lemma gamma_power_product_subset_central_torsion_modI:
  assumes "l \<le> m"
    and central: "\<And>k. l \<le> k \<Longrightarrow> k < m \<Longrightarrow>
      pow_subgroup G (gamma G k) (q ^ (m - k)) \<subseteq> central_mod G (gamma_power_product G q (Suc m) (Suc k))"
  shows "gamma_power_product G q m l \<subseteq> central_torsion_mod G q (gamma_power_product G q (Suc m) l)"
  using assms(1)
proof (induction rule: inc_induct)
  case base
  show ?case
  proof
    fix z assume "z \<in> gamma_power_product G q m m"
    then have z: "z \<in> gamma G m" by (simp add: gamma_power_product_ge)
    have "gamma G (Suc m) \<subseteq> gamma_power_product G q (Suc m) m"
      using gamma_power_product_Suc_subset[of q "Suc m" m] by (simp add: gamma_power_product_ge)
    moreover have "z \<in> central_mod G (gamma G (Suc m))"
      using z gamma_subset_central_mod by blast
    ultimately have "z \<in> central_mod G (gamma_power_product G q (Suc m) m)"
      using central_mod_mono by blast
    moreover have "z [^] q \<in> pow_subgroup G (gamma G m) (q ^ (Suc m - m))"
      using pow_mem_pow_subgroup[OF gamma_subset z] by simp
    then have "z [^] q \<in> gamma_power_product G q (Suc m) m"
      using pow_gamma_subset_gamma_power_product[of m "Suc m" q] by blast
    ultimately show "z \<in> central_torsion_mod G q (gamma_power_product G q (Suc m) m)"
      by (simp add: central_torsion_mod_def)
  qed
next
  case (step k)
  let ?T = "central_torsion_mod G q (gamma_power_product G q (Suc m) k)"
  have T: "subgroup ?T G"
    by (rule subgroup_central_torsion_mod[OF gamma_power_product_normal])
  have "pow_subgroup G (gamma G k) (q ^ (m - k)) \<subseteq> ?T"
  proof (rule pow_subgroup_le[OF T gamma_subset])
    fix h assume h: "h \<in> gamma G k"
    have "h [^] (q ^ (m - k)) \<in> central_mod G (gamma_power_product G q (Suc m) (Suc k))"
      using central[OF step(1,2)] pow_mem_pow_subgroup[OF gamma_subset h] by (rule subsetD)
    then have "h [^] (q ^ (m - k)) \<in> central_mod G (gamma_power_product G q (Suc m) k)"
      by (rule subsetD[OF central_mod_mono[OF gamma_power_product_Suc_subset]])
    moreover have "(h [^] (q ^ (m - k))) [^] q = h [^] (q ^ (Suc m - k))"
      using subsetD[OF gamma_subset h] step(2) by (simp add: nat_pow_pow Suc_diff_le mult.commute)
    moreover have "h [^] (q ^ (Suc m - k)) \<in> gamma_power_product G q (Suc m) k"
      using pow_mem_pow_subgroup[OF gamma_subset h] pow_gamma_subset_gamma_power_product[of k "Suc m"]
        step(2) by auto
    ultimately show "h [^] (q ^ (m - k)) \<in> ?T"
      by (simp add: central_torsion_mod_def)
  qed
  moreover have "gamma_power_product G q m (Suc k) \<subseteq> ?T"
    using step.IH central_torsion_mod_mono[OF gamma_power_product_Suc_subset] by (rule order_trans)
  ultimately show ?case
    using set_mult_subset_subgroup[OF T] step(2) by (simp add: gamma_power_product_less)
qed

lemma pow_gamma_subset_central_mod:
  assumes "k \<le> m"
  shows "pow_subgroup G (gamma G k) (q ^ (m - k))
    \<subseteq> central_mod G (gamma_power_product G q (Suc m) (Suc k))"
  using assms
proof (induction "m - k" arbitrary: k m rule: less_induct)
  case less
  let ?K = "gamma_power_product G q (Suc m) (Suc k)"
  have Z: "subgroup (central_mod G ?K) G"
    by (rule subgroup_central_mod[OF gamma_power_product_normal])
  show ?case
  proof (cases "k = m")
    case True
    show ?thesis
    proof (rule pow_subgroup_le[OF Z gamma_subset])
      fix g assume g: "g \<in> gamma G k"
      have "gamma G k \<subseteq> central_mod G ?K"
        using gamma_subset_central_mod[of k] True by (simp add: gamma_power_product_ge)
      then show "g [^] (q ^ (m - k)) \<in> central_mod G ?K"
        using g subsetD[OF gamma_subset g] True by auto
    qed
  next
    case False
    then obtain m' where m: "m = Suc m'" and km': "k \<le> m'"
      using less.prems by (cases m) auto
    have torsion: "gamma_power_product G q m (Suc k) \<subseteq> central_torsion_mod G q ?K"
    proof (rule gamma_power_product_subset_central_torsion_modI)
      show "Suc k \<le> m" using m km' by simp
      fix k' assume "Suc k \<le> k'" "k' < m"
      then show "pow_subgroup G (gamma G k') (q ^ (m - k'))
          \<subseteq> central_mod G (gamma_power_product G q (Suc m) (Suc k'))"
        by (intro less.hyps) auto
    qed
    have central: "pow_subgroup G (gamma G k) (q ^ (m' - k))
        \<subseteq> central_mod G (gamma_power_product G q m (Suc k))"
      unfolding m using m km' by (intro less.hyps) auto
    show ?thesis
    proof (rule pow_subgroup_le[OF Z gamma_subset])
      fix g assume g: "g \<in> gamma G k"
      define u where "u = g [^] (q ^ (m' - k))"
      have u: "u \<in> carrier G" using subsetD[OF gamma_subset g] by (simp add: u_def)
      have "u \<in> central_mod G (gamma_power_product G q m (Suc k))"
        unfolding u_def using central pow_mem_pow_subgroup[OF gamma_subset g] by (rule subsetD)
      then have "commutator G u z \<in> central_torsion_mod G q ?K" if "z \<in> carrier G" for z
        using subsetD[OF torsion] that unfolding central_mod_def by blast
      then have "u [^] q \<in> central_mod G ?K"
        by (rule normal.pow_mem_central_mod[OF gamma_power_product_normal u])
      moreover have "u [^] q = g [^] (q ^ (m - k))"
        using subsetD[OF gamma_subset g] m km'
        by (simp add: u_def nat_pow_pow Suc_diff_le mult.commute)
      ultimately show "g [^] (q ^ (m - k)) \<in> central_mod G ?K" by simp
    qed
  qed
qed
- - -
# EXERCISE BRIEF
Lines holding the string "proof" must be copied out of the entries above.

# ANSWER TO THE EXERCISE
proof (induction rule: inc_induct)
  proof
  proof (rule pow_subgroup_le[OF T gamma_subset])
proof (induction "m - k" arbitrary: k m rule: less_induct)
  proof (cases "k = m")
    proof (rule pow_subgroup_le[OF Z gamma_subset])
    proof (rule gamma_power_product_subset_central_torsion_modI)
    proof (rule pow_subgroup_le[OF Z gamma_subset])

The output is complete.